***** PROVIDED RECORDS

lemma has_integral_falling_chord_bound:
  fixes a b \<alpha> m C D :: real
  assumes "a < b" "\<alpha> > -1"
  defines "T \<equiv> \<lambda>x. (x - a) / (b - a)"
  shows "((\<lambda>x. (1 - T x) * amc_bound \<alpha> m C D (T x)) has_integral
          (b - a) * (C / ((\<alpha> + 1) * (\<alpha> + 2))
                     + m * (\<alpha>\<^sup>2 + 3 * \<alpha>) / (2 * (\<alpha> + 1) * (\<alpha> + 2)) * D)) {a..b}"
proof -
  have const: "((\<lambda>x. m * D) has_integral m * D * (b - a)) {a..b}"
    using has_integral_const_real[of "m * D" a b] assms by (simp add: mult.commute)
  have powr_alpha1: "((\<lambda>x. T x powr (\<alpha> + 1)) has_integral (b - a) / (\<alpha> + 1 + 1)) {a..b}"
    and powr_alpha: "((\<lambda>x. T x powr \<alpha>) has_integral (b - a) / (\<alpha> + 1)) {a..b}"
    and powr_1: "((\<lambda>x. T x powr 1) has_integral (b - a) / (1 + 1)) {a..b}"
    unfolding T_def by (rule has_integral_normalized_powr; use assms in simp)+
  have expand: "(1 - T x) * amc_bound \<alpha> m C D (T x) = m * D - m * D * T x powr 1
      + (C - m * D) * T x powr \<alpha> - (C - m * D) * T x powr (\<alpha> + 1)"
    if "x \<in> {a..b}" for x
  proof -
    have "0 \<le> T x" using that assms by (simp add: T_def)
    then show ?thesis by (simp add: amc_bound_def powr_add algebra_simps)
  qed
  have closed_form: "m * D * (b - a) - m * D * ((b - a) / (1 + 1))
      + (C - m * D) * ((b - a) / (\<alpha> + 1)) - (C - m * D) * ((b - a) / (\<alpha> + 1 + 1))
      = (b - a) * (C / ((\<alpha> + 1) * (\<alpha> + 2))
                   + m * (\<alpha>\<^sup>2 + 3 * \<alpha>) / (2 * (\<alpha> + 1) * (\<alpha> + 2)) * D)"
  proof -
    have nz: "\<alpha> + 2 \<noteq> 0" "\<alpha> + 1 \<noteq> 0" using assms by auto
    have "C / ((\<alpha> + 1) * (\<alpha> + 2)) = C / (\<alpha> + 1) - C / (\<alpha> + 2)"
      "m * (\<alpha>\<^sup>2 + 3 * \<alpha>) / (2 * (\<alpha> + 1) * (\<alpha> + 2)) = m / 2 - m / (\<alpha> + 1) + m / (\<alpha> + 2)"
      "\<alpha> + 1 + 1 = \<alpha> + 2"
      using nz by (simp_all add: field_simps power2_eq_square)
    then show ?thesis
      by (simp only:) (simp add: algebra_simps diff_divide_distrib add_divide_distrib)
  qed
  have "((\<lambda>x. m * D - m * D * T x powr 1 + (C - m * D) * T x powr \<alpha>
              - (C - m * D) * T x powr (\<alpha> + 1)) has_integral
          m * D * (b - a) - m * D * ((b - a) / (1 + 1))
          + (C - m * D) * ((b - a) / (\<alpha> + 1)) - (C - m * D) * ((b - a) / (\<alpha> + 1 + 1))) {a..b}"
    using has_integral_diff[OF has_integral_add[OF has_integral_diff[OF const
            has_integral_mult_right[OF powr_1]] has_integral_mult_right[OF powr_alpha]]
          has_integral_mult_right[OF powr_alpha1]] .
  then show ?thesis
    unfolding closed_form by (rule has_integral_eq[rotated]) (simp add: expand)
qed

**********

ACTIVITY:
Only the lines above from the one with "(T x)) has_integral" through the one with "powr \<alpha> - (C" should be duplicated, character for character.

OUTPUT FOR THIS EXERCISE:
  shows "((\<lambda>x. (1 - T x) * amc_bound \<alpha> m C D (T x)) has_integral
          (b - a) * (C / ((\<alpha> + 1) * (\<alpha> + 2))
                     + m * (\<alpha>\<^sup>2 + 3 * \<alpha>) / (2 * (\<alpha> + 1) * (\<alpha> + 2)) * D)) {a..b}"
proof -
  have const: "((\<lambda>x. m * D) has_integral m * D * (b - a)) {a..b}"
    using has_integral_const_real[of "m * D" a b] assms by (simp add: mult.commute)
  have powr_alpha1: "((\<lambda>x. T x powr (\<alpha> + 1)) has_integral (b - a) / (\<alpha> + 1 + 1)) {a..b}"
    and powr_alpha: "((\<lambda>x. T x powr \<alpha>) has_integral (b - a) / (\<alpha> + 1)) {a..b}"
    and powr_1: "((\<lambda>x. T x powr 1) has_integral (b - a) / (1 + 1)) {a..b}"
    unfolding T_def by (rule has_integral_normalized_powr; use assms in simp)+
  have expand: "(1 - T x) * amc_bound \<alpha> m C D (T x) = m * D - m * D * T x powr 1
      + (C - m * D) * T x powr \<alpha> - (C - m * D) * T x powr (\<alpha> + 1)"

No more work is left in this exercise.